Pulmonary Arterial Hypertension (PAH):
SPRYCEL may increase the risk of developing PAH in adult and pediatric patients, which may occur any time after initiation, including after more than 1 year of treatment. Manifestations include dyspnea, fatigue, hypoxia, and fluid retention. PAH may be reversible on discontinuation of SPRYCEL.

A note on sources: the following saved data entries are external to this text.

lemma deriv_green:
  assumes "\<And>y. (u has_real_derivative u' y) (at y)" "\<And>y. (v has_real_derivative v' y) (at y)"
    and "t \<noteq> x"
  shows "deriv (\<lambda>y. green u v y t) x = (if t < x then u' x * v t else u t * v' x)"
proof (cases "t < x")
  case True
  have "((\<lambda>y. u y * v t) has_real_derivative u' x * v t) (at x)"
    using assms(1) by (auto intro!: derivative_eq_intros)
  then have "((\<lambda>y. green u v y t) has_real_derivative u' x * v t) (at x)"
    by (rule has_field_derivative_transform_within_open[where S="{t<..}"])
       (use True in \<open>auto simp: green_def\<close>)
  then show ?thesis
    using True by (simp add: DERIV_imp_deriv)
next
  case False
  then have "x < t"
    using assms(3) by simp
  have "((\<lambda>y. u t * v y) has_real_derivative u t * v' x) (at x)"
    using assms(2) by (auto intro!: derivative_eq_intros)
  then have "((\<lambda>y. green u v y t) has_real_derivative u t * v' x) (at x)"
    by (rule has_field_derivative_transform_within_open[where S="{..<t}"])
       (use \<open>x < t\<close> in \<open>auto simp: green_def\<close>)
  then show ?thesis
    using False by (simp add: DERIV_imp_deriv)
qed

lemma nn_integral_abs_deriv_green:
  assumes "PFSS q u u' v v'"
  shows "(\<integral>\<^sup>+ t. ennreal \<bar>deriv (\<lambda>y. green u v y t) x\<bar> \<partial>lborel) =
    ennreal (- u' x) * (\<integral>\<^sup>+ t. ennreal (v t) * indicator {..x} t \<partial>lborel) +
    ennreal (v' x) * (\<integral>\<^sup>+ t. ennreal (u t) * indicator {x..} t \<partial>lborel)"
proof -
  note u = is_solutionD[OF PFSSD(1)[OF assms]] and v = is_solutionD[OF PFSSD(2)[OF assms]]
  have [measurable]: "u \<in> borel_measurable borel" "v \<in> borel_measurable borel"
    using u(3) v(3) .
  have "(\<integral>\<^sup>+ t. ennreal \<bar>deriv (\<lambda>y. green u v y t) x\<bar> \<partial>lborel) =
     (\<integral>\<^sup>+ t. ennreal (- u' x) * (ennreal (v t) * indicator {..x} t) +
        ennreal (v' x) * (ennreal (u t) * indicator {x..} t) \<partial>lborel)"
    using AE_lborel_singleton[of x]
  proof (rule nn_integral_cong_AE[OF eventually_mono])
    fix t assume "t \<noteq> x"
    then show "ennreal \<bar>deriv (\<lambda>y. green u v y t) x\<bar> =
        ennreal (- u' x) * (ennreal (v t) * indicator {..x} t) +
        ennreal (v' x) * (ennreal (u t) * indicator {x..} t)"
      using deriv_green[OF u(1) v(1) \<open>t \<noteq> x\<close>] PFSSD(3-6)[OF assms, of t] PFSSD(3-6)[OF assms, of x]
      by (cases "t < x") (auto simp: abs_mult ennreal_mult[symmetric] mult.commute indicator_def)
  qed
  also have "\<dots> = ennreal (- u' x) * (\<integral>\<^sup>+ t. ennreal (v t) * indicator {..x} t \<partial>lborel) +
    ennreal (v' x) * (\<integral>\<^sup>+ t. ennreal (u t) * indicator {x..} t \<partial>lborel)"
    by (simp add: nn_integral_add nn_integral_cmult)
  finally show ?thesis .
qed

- Evaluate patients for signs and symptoms of underlying cardiopulmonary disease prior to initiating SPRYCEL and during treatment. If PAH is confirmed, SPRYCEL should be permanently discontinued
SPRYCEL may increase the risk of prolongation of QTc in patients including those with hypokalemia or hypomagnesemia, patients with congenital long QT syndrome, patients taking antiarrhythmic medicines or other medicinal products that lead to QT prolongation, and cumulative high-dose anthracycline therapy
- Correct hypokalemia or hypomagnesemia prior to and during SPRYCEL administration
Severe Dermatologic Reactions:
Cases of severe mucocutaneous dermatologic reactions, including Stevens-Johnson syndrome and erythema multiforme, have been reported in patients treated with SPRYCEL.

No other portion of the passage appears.